Rush Wins Crotchety Old Critic's Respect

By Peter Goddard, Toronto Star, February 28, 1986, transcribed by pwrwindows


I shouldn't be doing this, you know - writing about Rush. At least two things should prevent it. Rush is one. I'm the other.

Let me explain. By now Rush should have been long past the point of having to do a pair of Maple Leaf Gardens shows, for personal and professional reasons.

Who would have thought they'd want to after all these years and all their achievements.

And to be more blunt about it, who would have guessed that they'd still have a huge enough audience to fill that big concrete cave on Carlton St.? But these questions [are] simple compared to the ones I must ask myself: Why do I care?

It has to do with honor. Rush's honor.

Not that you would have guessed this from the past. To say I didn't like the band in its earlier days is to understate the case in the extreme. I knew they struggled. I knew other critics trounced them regularly. I heard all about the months after months on the road, slowly building a following, even while these critics stomped away.

Despite the zillion things a zillion critics have said about a zillion rock 'n' roll bands growing, changing, developing, whatever you want to call it, Rush did just that.

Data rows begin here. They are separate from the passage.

lemma continuous_map_poset_homotopy_simplex:
  assumes c: "finite c" "is_chain_in P le c"
  shows "continuous_map (prod_topology (top_of_set {0..1}) (simplex_topology P le c)) (realization Q leQ)
      (\<lambda>z. poset_homotopy u v le c (fst z) (snd z))"
proof -
  define Z where "Z = prod_topology (top_of_set {0..1::real}) (simplex_topology P le c)"
  define H where "H z = poset_homotopy u v le c (fst z) (snd z)" for z
  define split where "split k = {z \<in> topspace Z. is_split_point le c (fst z) (snd z) k}" for k
  have H: "continuous_map Z (powertop_real UNIV) H"
    unfolding Z_def H_def using c(1)
    by (intro continuous_map_poset_homotopy continuous_map_fst_prod_simplex
        continuous_map_snd_prod_simplex)
  have lower: "continuous_map Z euclideanreal (\<lambda>z. lower_part le c (fst z) (snd z) x)" for x
    unfolding Z_def using c(1)
    by (intro continuous_map_lower_part continuous_map_fst_prod_simplex
        continuous_map_snd_prod_simplex)
  have upper: "continuous_map Z euclideanreal (\<lambda>z. upper_part le c (fst z) (snd z) x)" for x
    unfolding Z_def using c(1)
    by (intro continuous_map_upper_part continuous_map_fst_prod_simplex
        continuous_map_snd_prod_simplex)
  have "continuous_map Z (realization Q leQ) H"
  proof (rule pasting_lemma_closed[where I=c and T=split and f="\<lambda>_. H"])
    show "closedin Z (split k)" for k
    proof -
      have eq: "split k = {z \<in> topspace Z. \<forall>x\<in>{x \<in> c. \<not> le x k}. lower_part le c (fst z) (snd z) x = 0}
          \<inter> {z \<in> topspace Z. \<forall>x\<in>{x \<in> c. \<not> le k x}. upper_part le c (fst z) (snd z) x = 0}"
        by (auto simp: split_def is_split_point_def)
      show ?thesis
        unfolding eq by (intro closedin_Int closedin_common_zeros) (use c(1) lower upper in auto)
    qed
    show "continuous_map (subtopology Z (split k)) (realization Q leQ) H" if "k \<in> c" for k
    proof (rule continuous_map_into_realization)
      show "continuous_map (subtopology Z (split k)) (powertop_real UNIV) H"
        by (rule continuous_map_from_subtopology[OF H])
      show "H z \<in> closed_simplex Q leQ (u ` {x \<in> c. le x k} \<union> v ` {x \<in> c. le k x})"
        if "z \<in> topspace (subtopology Z (split k))" for z
        using that c poset_homotopy_in_closed_simplex
        by (auto simp: H_def split_def Z_def)
    qed (use c(1) is_chain_in_split_image[OF c(2)] in auto)
    show "\<exists>k. k \<in> c \<and> z \<in> split k \<and> H z = H z" if z: "z \<in> topspace Z" for z
    proof -
      obtain k where "k \<in> c" "is_split_point le c (fst z) (snd z) k"
        using exists_split_point[OF refl_le trans_le c, of "snd z" "fst z"] z by (auto simp: Z_def)
      then show ?thesis
        using z by (auto simp: split_def)
    qed
  qed (use c(1) in auto)
  then show ?thesis
    unfolding Z_def H_def .
qed

lemma realization_map_homotopic:
  "homotopic_with (\<lambda>_. True) (realization P le) (realization Q leQ) (realization_map u) (realization_map v)"
proof -
  define h where "h z = poset_homotopy u v le (supp (snd z)) (fst z) (snd z)" for z
  have in_carrier: "h (t, p) \<in> realization_carrier Q leQ" if "p \<in> realization_carrier P le" for t p
  proof -
    note p = realization_carrierD[OF that] supp_in_closed_simplex[OF that]
    then obtain k where "is_split_point le (supp p) t p k"
      using exists_split_point[OF refl_le trans_le] by blast
    then show ?thesis
      using poset_homotopy_in_closed_simplex[OF p(1,2,5)] closed_simplex_subset_carrier[of Q leQ]
      by (auto simp: h_def)
  qed
  have "continuous_map (prod_topology (top_of_set {0..1}) (realization P le)) (realization Q leQ) h"
  proof (rule continuous_map_from_prod_realization)
    show "locally_compact_space (top_of_set {0..1::real})"
      using compact_space_subtopology[of euclideanreal "{0..1::real}"]
      by (simp add: compact_imp_locally_compact_space)
    show "Hausdorff_space (top_of_set {0..1::real})"
      by (simp add: Hausdorff_space_subtopology)
    show "continuous_map (prod_topology (top_of_set {0..1}) (simplex_topology P le c)) (realization Q leQ) h"
      if "finite c" "is_chain_in P le c" for c
      using continuous_map_poset_homotopy_simplex[OF that]
    proof (rule continuous_map_eq)
      fix z :: "real \<times> ('a \<Rightarrow> real)"
      assume "z \<in> topspace (prod_topology (top_of_set {0..1}) (simplex_topology P le c))"
      then show "poset_homotopy u v le c (fst z) (snd z) = h z"
        using poset_homotopy_supp[OF that(1)] by (auto simp: h_def closed_simplex_def)
    qed
  qed (use in_carrier in auto)
  moreover have "h (0, p) = realization_map u p" "h (1, p) = realization_map v p"
    if "p \<in> realization_carrier P le" for p
    using poset_homotopy_0[OF that] poset_homotopy_1[OF refl_le that] by (simp_all add: h_def)
  ultimately show ?thesis
    by (subst homotopic_with) (auto intro!: exI[of _ h])
qed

This is not to congratulate them for reaching my standards, nor is it an attempt to kiss and make up. I don't think that would be entirely possible, although I did talk pleasantly with Geddy Lee in recent years and we seemed to get along. He's a fan of the Toronto Blue Jays and the Senator Restaurant, tastes I share.

And I ran into Alex Lifeson at a party some time ago and met his son (although to this day, I cannot figure out how the kid guitar whiz has a kid who's not really a kid anymore).

I've never seen Neil Peart and I get the feeling he might not be that keen to see me. I guess I've argued too long, too publicly, about his lyrics.

Yet, while this is not about friendship, there's something that Rush has done that hits me hard. The band has worked in isolation, despite the ongoing support of its fans. It has been isolated because it is not in the critical-culture mainstream, which means that while you might read about Bruce Cockburn in Saturday Night, you likely won't read about Rush.

Yet Rush is as much a part of Canadian culture, my culture, as Cockburn. It's just that that part of the culture has little fashion these days. It's about the shopping malls and the suburbs, subjects that critics, rock critics prominent among them, would prefer didn't exist.

I've understood their isolation for some time - you can see it in their self-reliance - but only recently have I come to understand the dignity it has given them. And I like that. I also like their music more and more.

Reason has it that I'm too old, too crotchety and maybe too snooty to deal with musicians who call an album Power Windows.

But critics must recognize what goes on behind the art as much as the art itself and seeing the honesty and honor behind what Rush has done is easy to do.

It's easy even for a crotchety and snooty old critic.